### LISTED RECORDS:

lemma translation_invariant_residues_eq_all:
  fixes u m :: int
  assumes "coprime u m" "A \<subseteq> {0..<m}" "A \<noteq> {}"
    and invariant: "(\<lambda>x. (x - u) mod m) ` A \<subseteq> A"
  shows "A = {0..<m}"
proof -
  obtain x0 where x0: "x0 \<in> A"
    using assms(3) by blast
  then have m_pos: "m > 0"
    using assms(2) by auto
  have iterate: "(x0 - int k * u) mod m \<in> A" for k
  proof (induction k)
    case 0
    then show ?case
      using x0 assms(2) by auto
  next
    case (Suc k)
    then have "((x0 - int k * u) mod m - u) mod m \<in> A"
      using invariant by blast
    then show ?case
      by (simp add: mod_diff_left_eq algebra_simps)
  qed
  have "y \<in> A" if y: "y \<in> {0..<m}" for y
  proof -
    obtain k where "[int k * u = x0 - y] (mod m)"
      using coprime_nat_multiple_cong[OF assms(1) m_pos] .
    then have "[x0 - int k * u = x0 - (x0 - y)] (mod m)"
      by (intro cong_diff cong_refl)
    then have "(x0 - int k * u) mod m = y"
      using y by (simp add: cong_def)
    then show ?thesis
      using iterate[of k] by simp
  qed
  then show ?thesis
    using assms(2) by blast
qed

lemma sum_rebalance:
  fixes f :: "'a \<Rightarrow> 'b::comm_monoid_add"
  assumes "finite C" "B \<subseteq> C" "card B \<le> k" "k \<le> card C"
  obtains B' C' where "B' \<subseteq> C" "C' \<subseteq> C" "card B' = k"
    "card B' + card C' = card B + card C"
    "sum f B' + sum f C' = sum f B + sum f C"
proof -
  have fin_B: "finite B"
    using assms(1,2) by (rule finite_subset[rotated])
  have "k - card B \<le> card (C - B)"
    using assms fin_B by (simp add: card_Diff_subset)
  then obtain T where T: "T \<subseteq> C - B" "card T = k - card B"
    by (meson obtain_subset_with_card_n)
  have fin_T: "finite T"
    using T(1) assms(1) by (meson finite_Diff finite_subset)
  show ?thesis
  proof (rule that[of "B \<union> T" "C - T"])
    have card_BT: "card (B \<union> T) = card B + card T"
      using T(1) fin_B fin_T by (intro card_Un_disjoint) auto
    then show "card (B \<union> T) = k"
      using T(2) assms(3) by simp
    have "card (C - T) = card C - card T"
      using T(1) fin_T by (intro card_Diff_subset) auto
    then show "card (B \<union> T) + card (C - T) = card B + card C"
      using card_BT T(2) assms(3,4) by simp
    have "sum f C = sum f T + sum f (C - T)"
      using T(1) assms(1) by (metis Diff_subset add.commute subset_trans sum.subset_diff)
    moreover have "sum f (B \<union> T) = sum f B + sum f T"
      using T(1) fin_B fin_T by (intro sum.union_disjoint) auto
    ultimately show "sum f (B \<union> T) + sum f (C - T) = sum f B + sum f C"
      by (simp add: add.assoc)
  qed (use T assms(2) in auto)
qed

lemma sum_pair_le_neighbours:
  fixes f :: "'a \<Rightarrow> 'b::ordered_comm_monoid_add"
  assumes bound: "\<And>B. B \<subseteq> U \<Longrightarrow> sum f B \<le> g (card B)"
    and "finite U" "A \<subseteq> U" "A' \<subseteq> U" "card A' = card A" "A' \<noteq> A"
  shows "sum f A + sum f A' \<le> g (card A - 1) + g (card A + 1)"
proof -
  have fin: "finite A" "finite A'"
    using assms(2-4) finite_subset by auto
  have "A \<inter> A' \<noteq> A'"
    using assms(5,6) fin card_subset_eq[of A A'] by auto
  then have card_inter: "card (A \<inter> A') < card A"
    using fin assms(5) by (metis Int_lower2 psubsetI psubset_card_mono)
  have card_union: "card A \<le> card (A \<union> A')"
    using fin by (simp add: card_mono)
  obtain B' C' where BC': "B' \<subseteq> A \<union> A'" "C' \<subseteq> A \<union> A'" "card B' = card A - 1"
    "card B' + card C' = card (A \<inter> A') + card (A \<union> A')"
    "sum f B' + sum f C' = sum f (A \<inter> A') + sum f (A \<union> A')"
    by (rule sum_rebalance[of "A \<union> A'" "A \<inter> A'" "card A - 1" f])
      (use fin card_inter card_union in auto)
  have card_C': "card C' = card A + 1"
    using BC'(3,4) card_Un_Int[OF fin] assms(5) card_inter by simp
  have "sum f A + sum f A' = sum f B' + sum f C'"
    using sum.union_inter[OF fin, of f] BC'(5) by (simp add: add.commute)
  also have "\<dots> \<le> g (card B') + g (card C')"
    using BC'(1,2) assms(3,4) by (intro add_mono bound) auto
  finally show ?thesis
    using BC'(3) card_C' by simp
qed

lemma ceiling_half_eq_div: "\<lceil>real_of_int m / 2\<rceil> = (m + 1) div 2"
proof -
  have "\<lceil>real_of_int m / real_of_int 2\<rceil> = - (- m div 2)"
    by (rule ceiling_divide_eq_div)
  moreover have "- (- m div 2) = (m + 1) div 2"
    by presburger
  ultimately show ?thesis
    by simp
qed

lemma sol_count_0: "sol_count q 0 a \<rho> = (if [0 = \<rho>] (mod int q) then 1 else 0)"
  by (simp add: sol_count_def)

lemma sol_count_Suc:
  "sol_count q (Suc n) a \<rho> = sol_count q n a \<rho> + sol_count q n a (\<rho> - a n)"
proof -
  have sum_upd: "(\<Sum>i<Suc n. (g(n := y)) i * a i) = (\<Sum>i<n. g i * a i) + y * a n" for g y
  proof -
    have "(\<Sum>i<n. (g(n := y)) i * a i) = (\<Sum>i<n. g i * a i)"
      by (rule sum.cong) auto
    then show ?thesis by simp
  qed
  have "[a n + s = \<rho>] (mod int q) \<longleftrightarrow> [s = \<rho> - a n] (mod int q)" for s
    by (simp add: cong_iff_dvd_diff algebra_simps)
  then show ?thesis
    unfolding sol_count_def lessThan_Suc
    by (subst card_filter_PiE_insert) (simp_all add: sum_upd finite_PiE)
qed

lemma sol_count_cong:
  assumes "[\<rho> = \<rho>'] (mod int q)"
  shows "sol_count q n a \<rho> = sol_count q n a \<rho>'"
proof -
  have "[s = \<rho>] (mod int q) \<longleftrightarrow> [s = \<rho>'] (mod int q)" for s
    using assms cong_sym cong_trans by metis
  then show ?thesis
    unfolding sol_count_def by simp
qed

lemma sum_sol_count_residues:
  assumes "q \<ge> 1"
  shows "(\<Sum>r\<in>{0..<int q}. sol_count q n a r) = 2 ^ n"
proof -
  define E where "E = {..<n} \<rightarrow>\<^sub>E {0, 1::int}"
  define fibre where "fibre r = {\<epsilon> \<in> E. [(\<Sum>i<n. \<epsilon> i * a i) = r] (mod int q)}" for r
  have "E \<subseteq> (\<Union>r\<in>{0..<int q}. fibre r)"
  proof
    fix \<epsilon> assume "\<epsilon> \<in> E"
    then have "\<epsilon> \<in> fibre ((\<Sum>i<n. \<epsilon> i * a i) mod int q)"
      by (simp add: fibre_def cong_def)
    then show "\<epsilon> \<in> (\<Union>r\<in>{0..<int q}. fibre r)"
      using assms by fastforce
  qed
  then have E_fibres: "E = (\<Union>r\<in>{0..<int q}. fibre r)"
    by (auto simp: fibre_def)
  have "fibre r \<inter> fibre r' = {}" if "r \<in> {0..<int q}" "r' \<in> {0..<int q}" "r \<noteq> r'" for r r'
    using that by (auto simp: fibre_def cong_def)
  then have "card E = (\<Sum>r\<in>{0..<int q}. card (fibre r))"
    unfolding E_fibres by (intro card_UN_disjoint) (auto simp: fibre_def E_def finite_PiE)
  moreover have "card E = 2 ^ n"
    by (simp add: E_def card_PiE numeral_2_eq_2)
  ultimately show ?thesis
    by (simp add: sol_count_def fibre_def E_def)
qed

lemma sum_sol_count_interval:
  assumes "q \<ge> 1"
  shows "(\<Sum>r\<in>{c..<c + int q}. sol_count q n a r) = 2 ^ n"
proof -
  have "(\<Sum>r\<in>{c..<c + int q}. sol_count q n a r) =
      (\<Sum>r\<in>{c..<c + int q}. sol_count q n a (r mod int q))"
    by (intro sum.cong refl sol_count_cong) (simp add: cong_def)
  also have "\<dots> = (\<Sum>r\<in>{0..<int q}. sol_count q n a r)"
    by (rule sum.reindex_bij_betw[OF bij_betw_mod_interval]) (use assms in simp)
  also have "\<dots> = 2 ^ n"
    using assms by (rule sum_sol_count_residues)
  finally show ?thesis .
qed

lemma sum_sol_count_Suc_translate:
  assumes "A \<subseteq> {0..<int q}"
  shows "(\<Sum>r\<in>A. sol_count q (Suc n) a r) =
    (\<Sum>r\<in>A. sol_count q n a r) + (\<Sum>r\<in>(\<lambda>r. (r - a n) mod int q) ` A. sol_count q n a r)"
proof -
  have "(\<Sum>r\<in>(\<lambda>r. (r - a n) mod int q) ` A. sol_count q n a r) =
      (\<Sum>r\<in>A. sol_count q n a ((r - a n) mod int q))"
    using inj_on_mod_translate[OF assms] by (simp add: sum.reindex)
  also have "\<dots> = (\<Sum>r\<in>A. sol_count q n a (r - a n))"
    by (intro sum.cong refl sol_count_cong) (simp add: cong_def)
  finally show ?thesis
    by (simp add: sol_count_Suc sum.distrib)
qed

lemma binom_mod_eq_sum_atMost:
  assumes "n \<le> m"
  shows "binom_mod n s q = (\<Sum>j\<le>m. if [int j = s] (mod int q) then n choose j else 0)"
proof -
  have "binom_mod n s q = (\<Sum>j\<in>{j \<in> {..m}. [int j = s] (mod int q)}. n choose j)"
    unfolding binom_mod_def using assms by (intro sum.mono_neutral_left) auto
  also have "\<dots> = (\<Sum>j\<le>m. if [int j = s] (mod int q) then n choose j else 0)"
    by (rule sum.inter_filter) simp
  finally show ?thesis .
qed

lemma binom_mod_0: "binom_mod 0 s q = (if [0 = s] (mod int q) then 1 else 0)"
  by (simp add: binom_mod_eq_sum_atMost[of 0 0])

lemma binom_mod_Suc: "binom_mod (Suc n) s q = binom_mod n s q + binom_mod n (s - 1) q"
proof -
  define F where "F m j = (if [int j = s] (mod int q) then m choose j else 0)" for m j
  define G where "G j = (if [int j = s - 1] (mod int q) then n choose j else 0)" for j
  have "[int (Suc j) = s] (mod int q) \<longleftrightarrow> [int j = s - 1] (mod int q)" for j
    by (simp add: cong_iff_dvd_diff algebra_simps)
  then have pascal: "F (Suc n) (Suc j) = F n (Suc j) + G j" for j
    by (simp add: F_def G_def)
  have F_0: "F (Suc n) 0 = F n 0"
    by (simp add: F_def)
  have "binom_mod (Suc n) s q = F (Suc n) 0 + (\<Sum>j\<le>n. F (Suc n) (Suc j))"
    unfolding binom_mod_eq_sum_atMost[OF le_refl] F_def by (rule sum.atMost_Suc_shift)
  also have "\<dots> = (F n 0 + (\<Sum>j\<le>n. F n (Suc j))) + (\<Sum>j\<le>n. G j)"
    by (simp add: F_0 pascal sum.distrib)
  also have "\<dots> = (\<Sum>j\<le>Suc n. F n j) + (\<Sum>j\<le>n. G j)"
    by (simp only: sum.atMost_Suc_shift)
  also have "\<dots> = binom_mod n s q + binom_mod n (s - 1) q"
    by (simp add: F_def G_def binom_mod_eq_sum_atMost[of n "Suc n"] binom_mod_eq_sum_atMost[of n n])
  finally show ?thesis .
qed
lemma finite_set_Y_from_center:
  "bipartite_graph V U L E \<Longrightarrow> finite (set_pmf (Y_from_center U L E rk m p q))"
  by (simp add: Y_from_center_def finite_nbrs finite_set_Y_from_wedge)

lemma finite_set_Y_sample:
  "bipartite_graph V U L E \<Longrightarrow> finite (set_pmf (Y_sample U L E rk m u v))"
  by (simp add: Y_sample_eq finite_set_Y_from_center)

lemma finite_set_X_sample:
  "bipartite_graph V U L E \<Longrightarrow> finite (set_pmf (X_sample U L E rk m s u v))"
  by (simp add: X_sample_def finite_set_iter_pmf finite_set_Y_sample)

lemma finite_set_Heavy:
  "bipartite_graph V U L E \<Longrightarrow> finite (set_pmf (Heavy U L E rk u v bbar wbar eps m))"
  by (simp add: Heavy_def Let_def finite_set_iter_pmf finite_set_X_sample)

lemma expected_cost_Z_sample: "measure_pmf.expectation (Z_sample U L E rk q p x y) cost = 4"
  by (simp add: Z_sample_def)

lemma expected_cost_Y_from_wedge:
  "measure_pmf.expectation (Y_from_wedge U L E rk m q p x) cost = 3 + 4 * real (Z_rounds E m q x)"
  unfolding Y_from_wedge_def Let_def
  by (subst expected_cost_iter_pmf[OF finite_set_Z_sample, where c = 3])
    (simp_all add: sum_list_map_cost expected_cost_Z_sample Z_rounds_def min_def)

lemma expected_cost_Y_from_center:
  assumes b: "bipartite_graph V U L E" and e: "{p, q} \<in> E"
  shows "real (deg E p - 1) * measure_pmf.expectation (Y_from_center U L E rk m p q) cost =
    (\<Sum>x\<in>nbrs E p - {q}. 3 + 4 * real (Z_rounds E m q x))"
proof (cases "nbrs E p - {q} = {}")
  case True
  then have "deg E p - 1 = 0" using card_nbrs_Diff[OF e] by (metis card.empty)
  then show ?thesis by (simp only: True sum.empty of_nat_0 mult_zero_left)
next
  case False
  have "measure_pmf.expectation (Y_from_center U L E rk m p q) cost =
      (\<Sum>x\<in>nbrs E p - {q}. 3 + 4 * real (Z_rounds E m q x)) / real (card (nbrs E p - {q}))"
    using False finite_nbrs[OF b]
    by (simp add: Y_from_center_def pmf_expectation_bind_pmf_of_set finite_set_Y_from_wedge
        expected_cost_Y_from_wedge divide_inverse_commute sum_distrib_left)
  moreover have "card (nbrs E p - {q}) = deg E p - 1" "card (nbrs E p - {q}) \<noteq> 0"
    using False card_nbrs_Diff[OF e] finite_nbrs[OF b] by auto
  ultimately show ?thesis by simp
qed

lemma sum_min_deg_le:
  assumes b: "bipartite_graph V U L E" and e: "{p, q} \<in> E"
  shows "(\<Sum>x\<in>nbrs E p - {q}. real (min (deg E x) (deg E q)))
    \<le> sqrt (real (card E)) * real (deg E p + deg E q - 2)"
proof -
  have e': "{q, p} \<in> E" using e by (simp add: insert_commute)
  let ?S = "\<Sum>x\<in>nbrs E p - {q}. real (min (deg E x) (deg E q))"
  have "?S \<le> (\<Sum>x\<in>nbrs E p - {q}. real (deg E x))"
    by (intro sum_mono) simp
  also have "\<dots> \<le> (\<Sum>x\<in>nbrs E p. real (deg E x))"
    using finite_nbrs[OF b] by (intro sum_mono2) auto
  also have "\<dots> \<le> (sqrt (real (card E)))\<^sup>2"
    using sum_deg_nbrs_le_card_edges[OF b, of p] by (simp flip: of_nat_sum)
  finally have by_edges: "?S \<le> (sqrt (real (card E)))\<^sup>2" .
  have "?S \<le> real (card (nbrs E p - {q})) * real (deg E q)"
    by (rule sum_bounded_above) simp
  then have by_degree: "?S \<le> real (deg E p - 1) * (real (deg E q - 1) + 1)"
    using card_nbrs_Diff[OF e] deg_pos[OF b e'] by (simp add: of_nat_diff)
  have "1 \<le> card E" using card_edges_pos[OF b e] by simp
  then have "?S \<le> sqrt (real (card E)) * (real (deg E p - 1) + real (deg E q - 1))"
    using min_square_mult_le[of "sqrt (real (card E))" "real (deg E q - 1)" "deg E p - 1"]
      by_edges by_degree by simp
  also have "real (deg E p - 1) + real (deg E q - 1) = real (deg E p + deg E q - 2)"
    using deg_pos[OF b e] deg_pos[OF b e'] by (simp add: of_nat_diff)
  finally show ?thesis .
qed

lemma sum_Z_rounds_le:
  assumes b: "bipartite_graph V U L E" and e: "{p, q} \<in> E"
  shows "(\<Sum>x\<in>nbrs E p - {q}. real (Z_rounds E (card E) q x))
    \<le> real (deg E p - 1) + real (deg E p + deg E q - 2)"
proof -
  define r where "r = sqrt (real (card E))"
  have "r > 0" using card_edges_pos[OF b e] by (simp add: r_def)
  have "(\<Sum>x\<in>nbrs E p - {q}. real (Z_rounds E (card E) q x))
      \<le> (\<Sum>x\<in>nbrs E p - {q}. real (min (deg E x) (deg E q)) / r + 1)"
    unfolding Z_rounds_def r_def[symmetric]
    using \<open>r > 0\<close> by (intro sum_mono) (simp add: of_int_ceiling_le_add_one)
  also have "\<dots> = (\<Sum>x\<in>nbrs E p - {q}. real (min (deg E x) (deg E q))) / r + real (deg E p - 1)"
    using card_nbrs_Diff[OF e] by (simp add: sum.distrib sum_divide_distrib)
  also have "\<dots> \<le> real (deg E p + deg E q - 2) + real (deg E p - 1)"
    using sum_min_deg_le[OF b e] \<open>r > 0\<close> by (simp add: r_def divide_le_eq mult.commute)
  finally show ?thesis by simp
qed

lemma weighted_expected_cost_Y_from_center_le:
  assumes b: "bipartite_graph V U L E" and e: "{p, q} \<in> E"
  shows "real (deg E p - 1) * measure_pmf.expectation (Y_from_center U L E rk (card E) p q) cost
    \<le> 7 * real (deg E p - 1) + 4 * real (deg E p + deg E q - 2)"
  using expected_cost_Y_from_center[OF b e] sum_Z_rounds_le[OF b e] card_nbrs_Diff[OF e]
  by (simp add: sum.distrib flip: sum_distrib_left)

lemma expected_cost_Y_sample_le:
  assumes b: "bipartite_graph V U L E" and e: "{u, v} \<in> E"
  shows "measure_pmf.expectation (Y_sample U L E rk (card E) u v) cost \<le> 15"
proof (cases "deg E u + deg E v - 2 = 0")
  case True
  then show ?thesis by (simp add: Y_sample_eq)
next
  case False
  have e': "{v, u} \<in> E" using e by (simp add: insert_commute)
  define de where "de = real (deg E u + deg E v - 2)"
  have de_split: "de = real (deg E u - 1) + real (deg E v - 1)"
    using deg_pos[OF b e] deg_pos[OF b e'] by (simp add: de_def of_nat_diff)
  have "de > 0" using False by (simp add: de_def)
  let ?E = "\<lambda>p q. measure_pmf.expectation (Y_from_center U L E rk (card E) p q) cost"
  define P where "P = real (deg E u - 1) / de"
  have "0 \<le> P" "P \<le> 1" using de_split \<open>de > 0\<close> by (auto simp: P_def)
  have one_minus_P: "1 - P = real (deg E v - 1) / de"
    using de_split \<open>de > 0\<close> by (simp add: P_def field_simps)
  have Y_bernoulli: "Y_sample U L E rk (card E) u v = bind_pmf (bernoulli_pmf P)
      (\<lambda>b. if b then Y_from_center U L E rk (card E) u v else Y_from_center U L E rk (card E) v u)"
    using False by (simp add: Y_sample_eq P_def de_def)
  have "measure_pmf.expectation (Y_sample U L E rk (card E) u v) cost =
      P * ?E u v + (1 - P) * ?E v u"
    unfolding Y_bernoulli using \<open>0 \<le> P\<close> \<open>P \<le> 1\<close>
    by (subst pmf_expectation_bind[of UNIV]) (auto simp: finite_set_Y_from_center[OF b] UNIV_bool)
  also have "\<dots> = (real (deg E u - 1) * ?E u v + real (deg E v - 1) * ?E v u) / de"
    unfolding one_minus_P by (simp add: P_def add_divide_distrib)
  also have "\<dots> \<le> (7 * real (deg E u - 1) + 4 * de + (7 * real (deg E v - 1) + 4 * de)) / de"
    using weighted_expected_cost_Y_from_center_le[OF b e, of rk]
      weighted_expected_cost_Y_from_center_le[OF b e', of rk] \<open>de > 0\<close>
    by (intro divide_right_mono add_mono) (simp_all add: de_def add.commute)
  also have "\<dots> = 15" using de_split \<open>de > 0\<close> by (simp add: field_simps)
  finally show ?thesis .
qed

lemma expected_cost_X_sample_le:
  assumes "bipartite_graph V U L E" and "{u, v} \<in> E"
  shows "measure_pmf.expectation (X_sample U L E rk (card E) s u v) cost \<le> 1 + 15 * real s"
proof -
  have "measure_pmf.expectation (X_sample U L E rk (card E) s u v) cost =
      1 + real s * measure_pmf.expectation (Y_sample U L E rk (card E) u v) cost"
    unfolding X_sample_def
    by (rule expected_cost_iter_pmf[OF finite_set_Y_sample[OF assms(1)]])
      (simp add: sum_list_map_cost)
  also have "\<dots> \<le> 1 + real s * 15"
    using expected_cost_Y_sample_le[OF assms] by (intro add_left_mono mult_left_mono) auto
  finally show ?thesis by simp
qed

### YOUR OBJECTIVE:
The expected answer is a copy of every line in the entries that holds the word "pascal".

### TASK RESPONSE:
  then have pascal: "F (Suc n) (Suc j) = F n (Suc j) + G j" for j
    by (simp add: F_0 pascal sum.distrib)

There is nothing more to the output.